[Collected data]
§
lemma linear_perturbed_minimizer_subgradient:
  fixes F :: "'b::euclidean_space \<Rightarrow> ereal" and L :: "'b \<Rightarrow> 'c::euclidean_space"
  assumes lin: "linear L" and r: "F v0 = ereal r" and ninf: "\<And>v. F v > -\<infinity>"
    and mn: "\<And>v. ereal (r + L v0 \<bullet> z) \<le> F v + ereal (L v \<bullet> z)"
  shows "\<forall>v. ereal (r + (- adjoint L z) \<bullet> (v - v0)) \<le> F v"
proof
  fix v
  show "ereal (r + (- adjoint L z) \<bullet> (v - v0)) \<le> F v"
  proof (cases "F v")
    case (real rv)
    then show ?thesis using mn[of v] adjoint_works[OF lin]
      by (simp add: inner_simps inner_commute linear_diff[OF lin])
  qed (use ninf[of v] in auto)
qed

lemma saddle_point_in_Se:
  fixes f :: "'a::euclidean_space \<Rightarrow> ereal" and g :: "'b::euclidean_space \<Rightarrow> ereal"
    and M :: "'a \<Rightarrow> 'c::euclidean_space" and C :: "'b \<Rightarrow> 'c"
  assumes pf: "proper_fun f" and pg: "proper_fun g" and lM: "linear M" and lC: "linear C"
    and sd: "is_saddle f g M C d us vs zs"
  shows "(zs, M us) \<in> Se (\<lambda>p. fconj f (- adjoint M p)) (\<lambda>p. fconj g (- adjoint C p) + ereal (d \<bullet> p))"
proof -
  have nf: "\<And>x. f x > -\<infinity>" and ng: "\<And>x. g x > -\<infinity>"
    using pf pg unfolding proper_fun_def by auto
  have "\<bar>f us + g vs + ereal ((M us + C vs - d) \<bullet> zs)\<bar> \<noteq> \<infinity>"
    using sd unfolding is_saddle_def lagr_def by simp
  with nf[of us] ng[of vs] obtain r1 r2 where r1: "f us = ereal r1" and r2: "g vs = ereal r2"
    by (cases "f us"; cases "g vs") auto
  let ?res = "M us + C vs - d"
  have "?res \<bullet> (zs + ?res) \<le> ?res \<bullet> zs"
    using sd r1 r2 unfolding is_saddle_def lagr_def by auto
  then have "?res \<bullet> ?res \<le> 0" by (simp add: inner_simps)
  then have "?res = 0" by (metis inner_gt_zero_iff not_le)
  then have feas: "d - C vs = M us" by (simp add: algebra_simps)
  have lmin: "\<And>u v. ereal (r1 + r2 + ?res \<bullet> zs) \<le> f u + g v + ereal ((M u + C v - d) \<bullet> zs)"
    using sd r1 r2 unfolding is_saddle_def lagr_def by auto
  have "ereal (r1 + M us \<bullet> zs) \<le> f u + ereal (M u \<bullet> zs)" for u
    using lmin[of u vs] r2 by (cases "f u") (simp_all add: inner_simps)
  then have "0 - M us \<in> subdiff (\<lambda>p. fconj f (- adjoint M p) + ereal (0 \<bullet> p)) zs"
    using subgradient_imp_subdiff_conj_adjoint[OF lM r1
        linear_perturbed_minimizer_subgradient[of M f us r1 zs, OF lM r1 nf]] by blast
  moreover have "ereal (r2 + C vs \<bullet> zs) \<le> g v + ereal (C v \<bullet> zs)" for v
    using lmin[of us v] r1 by (cases "g v") (simp_all add: inner_simps)
  then have "d - C vs \<in> subdiff (\<lambda>p. fconj g (- adjoint C p) + ereal (d \<bullet> p)) zs"
    using subgradient_imp_subdiff_conj_adjoint[OF lC r2
        linear_perturbed_minimizer_subgradient[of C g vs r2 zs, OF lC r2 ng]] by blast
  ultimately show ?thesis using feas unfolding Se_def by (simp add: zero_ereal_def[symmetric])
qed

lemma relaxed_projection_descent:
  fixes q p G :: "'v::real_inner"
  assumes "gam > 0" "rho > 0" "rho < 2"
  shows "2 * (rho * gam) * (G \<bullet> (q - p) - gam * (norm G)\<^sup>2)
     \<le> (norm (q - p))\<^sup>2 - (norm (q - (rho * gam) *\<^sub>R G - p))\<^sup>2"
proof -
  have "(norm (q - (rho * gam) *\<^sub>R G - p))\<^sup>2
      = (norm (q - p))\<^sup>2 - 2 * (rho * gam) * (G \<bullet> (q - p)) + (rho * gam)\<^sup>2 * (norm G)\<^sup>2"
    unfolding power2_norm_eq_inner by (simp add: inner_simps algebra_simps inner_commute power2_eq_square)
  moreover have "0 \<le> rho * gam * gam * (norm G)\<^sup>2 * (2 - rho)"
    using assms by simp
  ultimately show ?thesis by (simp add: algebra_simps power2_eq_square)
qed

lemma relaxed_projection_telescope:
  fixes q G :: "nat \<Rightarrow> 'v::real_inner"
  assumes pos: "\<And>j. j \<ge> 1 \<Longrightarrow> gam j > 0 \<and> rho j > 0 \<and> rho j < 2"
    and step: "\<And>j. j \<ge> 1 \<Longrightarrow> q j = q (j - 1) - (rho j * gam j) *\<^sub>R G j"
  shows "2 * (\<Sum>j=1..n. rho j * gam j * (G j \<bullet> (q (j - 1) - p) - gam j * (norm (G j))\<^sup>2))
    \<le> (norm (q 0 - p))\<^sup>2 - (norm (q n - p))\<^sup>2"
proof (induction n)
  case (Suc n)
  have "2 * (rho (Suc n) * gam (Suc n)) * (G (Suc n) \<bullet> (q n - p) - gam (Suc n) * (norm (G (Suc n)))\<^sup>2)
      \<le> (norm (q n - p))\<^sup>2 - (norm (q (Suc n) - p))\<^sup>2"
    using relaxed_projection_descent[of "gam (Suc n)" "rho (Suc n)"] pos[of "Suc n"] step[of "Suc n"]
    by simp
  with Suc.IH show ?case by (simp add: algebra_simps)
qed simp

lemma weighted_mean_square_le:
  fixes t r :: "'i \<Rightarrow> real"
  assumes "finite A" "\<And>j. j \<in> A \<Longrightarrow> 0 \<le> t j" "sum t A > 0"
  shows "((\<Sum>j\<in>A. t j * r j) / sum t A)\<^sup>2 \<le> (\<Sum>j\<in>A. t j * (r j)\<^sup>2) / sum t A"
proof -
  have "A \<noteq> {}" using assms(3) by auto
  then have "(\<Sum>j\<in>A. (t j / sum t A) * r j)\<^sup>2 \<le> (\<Sum>j\<in>A. (t j / sum t A) * (r j)\<^sup>2)"
    using convex_on_sum[OF assms(1) _ convex_power2, of "\<lambda>j. t j / sum t A" r] assms
    by (simp add: sum_divide_distrib[symmetric])
  then show ?thesis by (simp add: sum_divide_distrib[symmetric])
qed

lemma norm_weighted_sum_le:
  fixes X :: "'i \<Rightarrow> 'v::real_normed_vector"
  assumes "\<And>j. j \<in> A \<Longrightarrow> 0 \<le> t j"
  shows "norm (\<Sum>j\<in>A. t j *\<^sub>R X j) \<le> (\<Sum>j\<in>A. t j * norm (X j))"
proof -
  have "norm (\<Sum>j\<in>A. t j *\<^sub>R X j) \<le> (\<Sum>j\<in>A. norm (t j *\<^sub>R X j))" by (rule norm_sum)
  also have "\<dots> = (\<Sum>j\<in>A. t j * norm (X j))"
    using assms by (intro sum.cong refl) simp
  finally show ?thesis .
qed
§
_AIM OF THE TASK_
Tell me how many lines of the records include the word "auto", replying with the number alone.

_TASK ANSWER_
6